“I had a PowerPoint prepared, but after two slides they just started asking,” Zandi says. Lawmakers quizzed him on what will happen with credit, with jobs, and how to tell if the policies they’ve implemented (some on Zandi’s advice) are working. A lot of the lawmakers were making jokes about how grim things seem to be.
“There was dark humor,” he says. Like what? “I don’t really remember,” Zandi admits. He later explains: “I don’t remember jokes, because I don’t really tell them. I don’t think that way. I think more like an academic.”
When he arrives at 30th Street Station from D.C., Zandi takes a taxi to Philadelphia International Airport, where he left his car the day before to fly to Chicago to meet with a credit card company. Then he drives himself to Economy.com’s office in downtown West Chester.
At his desk, the phone keeps ringing. The Washington Post calls. The L.A. Times. Reporters love Zandi because he makes their job easy. He’s generous with data for stories and charts. He’s patient with dumb questions, great on camera. “In television, you have viewers’ attention for a -minute-30,” says CBS News producer Peter Burgess. “He can break down something that economists deal with, in words everybody can understand, in 15 seconds.”
Between calls, Zandi eats a banana. On his desk, an electric shaver recharges next to a calculator. Down the hall is a conference room set up as a mini studio, with broadcast-quality video and audio gear, so he can do TV and radio interviews from West Chester. “On a busy day, he’s in here maybe four times,” says Sara Rodriguez, Zandi’s assistant and the company’s speaking engagements manager.
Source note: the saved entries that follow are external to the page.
lemma g_p_plus_v_eq_0_iff:
  assumes "w > 1"
  shows "g w v (p_plus_v w v) = 0 \<longleftrightarrow> v = crit_arg w - w * crit_val w"
proof -
  have "g w v (p_plus_v w v) = 0 \<longleftrightarrow> lmin_pt w v - crit_val w = 0"
    using assms by (simp add: p_plus_v_eq g_lmin_pt)
  also have "\<dots> \<longleftrightarrow> v = crit_arg w - w * crit_val w"
    unfolding lmin_pt_def using assms by (simp add: field_simps) linarith
  finally show ?thesis .
qed

lemma v_minus_eq: "w > 1 \<Longrightarrow> v_minus w = w * crit_val w - crit_arg w"
  unfolding v_minus_def by (rule the_equality) (simp_all add: g_p_minus_v_eq_0_iff)

lemma v_plus_eq: "w > 1 \<Longrightarrow> v_plus w = crit_arg w - w * crit_val w"
  unfolding v_plus_def by (rule the_equality) (simp_all add: g_p_plus_v_eq_0_iff)

lemma pivot_minus_eq: "w > 1 \<Longrightarrow> pivot_minus w = - crit_val w"
  unfolding pivot_minus_def by (simp add: v_minus_eq p_minus_v_eq lmax_pt_def)

lemma pivot_plus_eq: "w > 1 \<Longrightarrow> pivot_plus w = crit_val w"
  unfolding pivot_plus_def by (simp add: v_plus_eq p_plus_v_eq lmin_pt_def)

subsection \<open>Fixpoints of h\<close>

lemma mem_fixpoints_iff: "x \<in> fixpoints w v \<longleftrightarrow> g w v x = 0"
  unfolding fixpoints_def g_def by auto

lemma mem_fixpoints_iff_tanh: "x \<in> fixpoints w v \<longleftrightarrow> tanh (w * x + v) = x"
  unfolding fixpoints_def h_def by (rule mem_Collect_eq)

lemma fixpoints_subset: "fixpoints w v \<subseteq> {-1<..<1}"
proof
  fix x assume "x \<in> fixpoints w v"
  then have "tanh (w * x + v) = x" by (simp only: mem_fixpoints_iff_tanh)
  then show "x \<in> {-1<..<1}" using tanh_real_bounds[of "w * x + v"] by simp
qed

lemma g_bounds: "x - 1 < g w v x \<and> g w v x < x + 1"
  unfolding g_def h_def using tanh_real_lt_1[of "w * x + v"] tanh_real_gt_neg1[of "w * x + v"]
  by linarith

lemma fixpoint_le_lmax_pt_iff:
  assumes w: "w > 1" and x: "x \<in> fixpoints w v"
  shows "x \<le> lmax_pt w v \<longleftrightarrow> x \<le> - crit_val w"
proof -
  have "x \<le> lmax_pt w v \<longleftrightarrow> w * x + v \<le> - crit_arg w"
    using w compare_affine_div_iff(3) unfolding lmax_pt_def by simp
  also have "\<dots> \<longleftrightarrow> tanh (w * x + v) \<le> tanh (- crit_arg w)"
    by (simp only: tanh_real_le_iff)
  also have "\<dots> \<longleftrightarrow> x \<le> - crit_val w"
    using w x unfolding mem_fixpoints_iff_tanh by (simp only: tanh_minus tanh_crit_arg)
  finally show ?thesis .
qed

lemma fixpoint_lmin_pt_le_iff:
  assumes w: "w > 1" and x: "x \<in> fixpoints w v"
  shows "lmin_pt w v \<le> x \<longleftrightarrow> crit_val w \<le> x"
proof -
  have "lmin_pt w v \<le> x \<longleftrightarrow> crit_arg w \<le> w * x + v"
    using w compare_affine_div_iff(4) unfolding lmin_pt_def by simp
  also have "\<dots> \<longleftrightarrow> tanh (crit_arg w) \<le> tanh (w * x + v)"
    by (simp only: tanh_real_le_iff)
  also have "\<dots> \<longleftrightarrow> crit_val w \<le> x"
    using w x unfolding mem_fixpoints_iff_tanh by (simp only: tanh_crit_arg)
  finally show ?thesis .
qed

lemma fixpoints_nonempty: "fixpoints w v \<noteq> {}"
proof -
  have "g w v (-1) \<le> 0" "0 \<le> g w v 1"
    using g_bounds[of "-1" w v] g_bounds[of 1 w v] by auto
  then obtain x where "g w v x = 0"
    using IVT'[of "g w v" "-1" 0 1] continuous_on_g by auto
  then show ?thesis by (auto simp: mem_fixpoints_iff)
qed

lemma fixpoints_unique_le:
  assumes w: "w > 1" and "x \<in> fixpoints w v" "y \<in> fixpoints w v"
    and "x \<le> - crit_val w" "y \<le> - crit_val w"
  shows "x = y"
proof (rule inj_onD[OF strict_mono_on_imp_inj_on[OF g_strict_mono_on_le_lmax_pt[OF w]]])
  show "g w v x = g w v y" using assms by (simp add: mem_fixpoints_iff)
  show "x \<in> {..lmax_pt w v}" "y \<in> {..lmax_pt w v}"
    using assms fixpoint_le_lmax_pt_iff[OF w] by simp_all
qed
On Zandi’s bookshelf are copies of his 2008 book, Financial Shock: A 360º Look at the Subprime Mortgage Implosion, and How to Avoid the Next Financial Crisis. It’s a lucid explanation, though he left something out. A lot of people have blamed the meltdown partly on debt-rating agencies, who, like lazy high-school teachers, gave out easy A’s to worthless, sub-prime-backed investments. One of those agencies was Moody’s, which now owns Zandi’s firm. “It’s the missing chapter,” he admits. “I didn’t think people would believe what I said about it.”
One thing he knows about his book: He won’t be starting the next Freakonomics franchise.
“Things like Freakonomics are based on behavior, which is very important and interesting, but it’s just not me,” Zandi admits. “My approach isn’t going to be adopted in pop culture in any way. It’s just too boring. The only reason it’s been brought into the culture at all is because of the environment we’re in. This is a brief time. It’s not going to be this way forever.”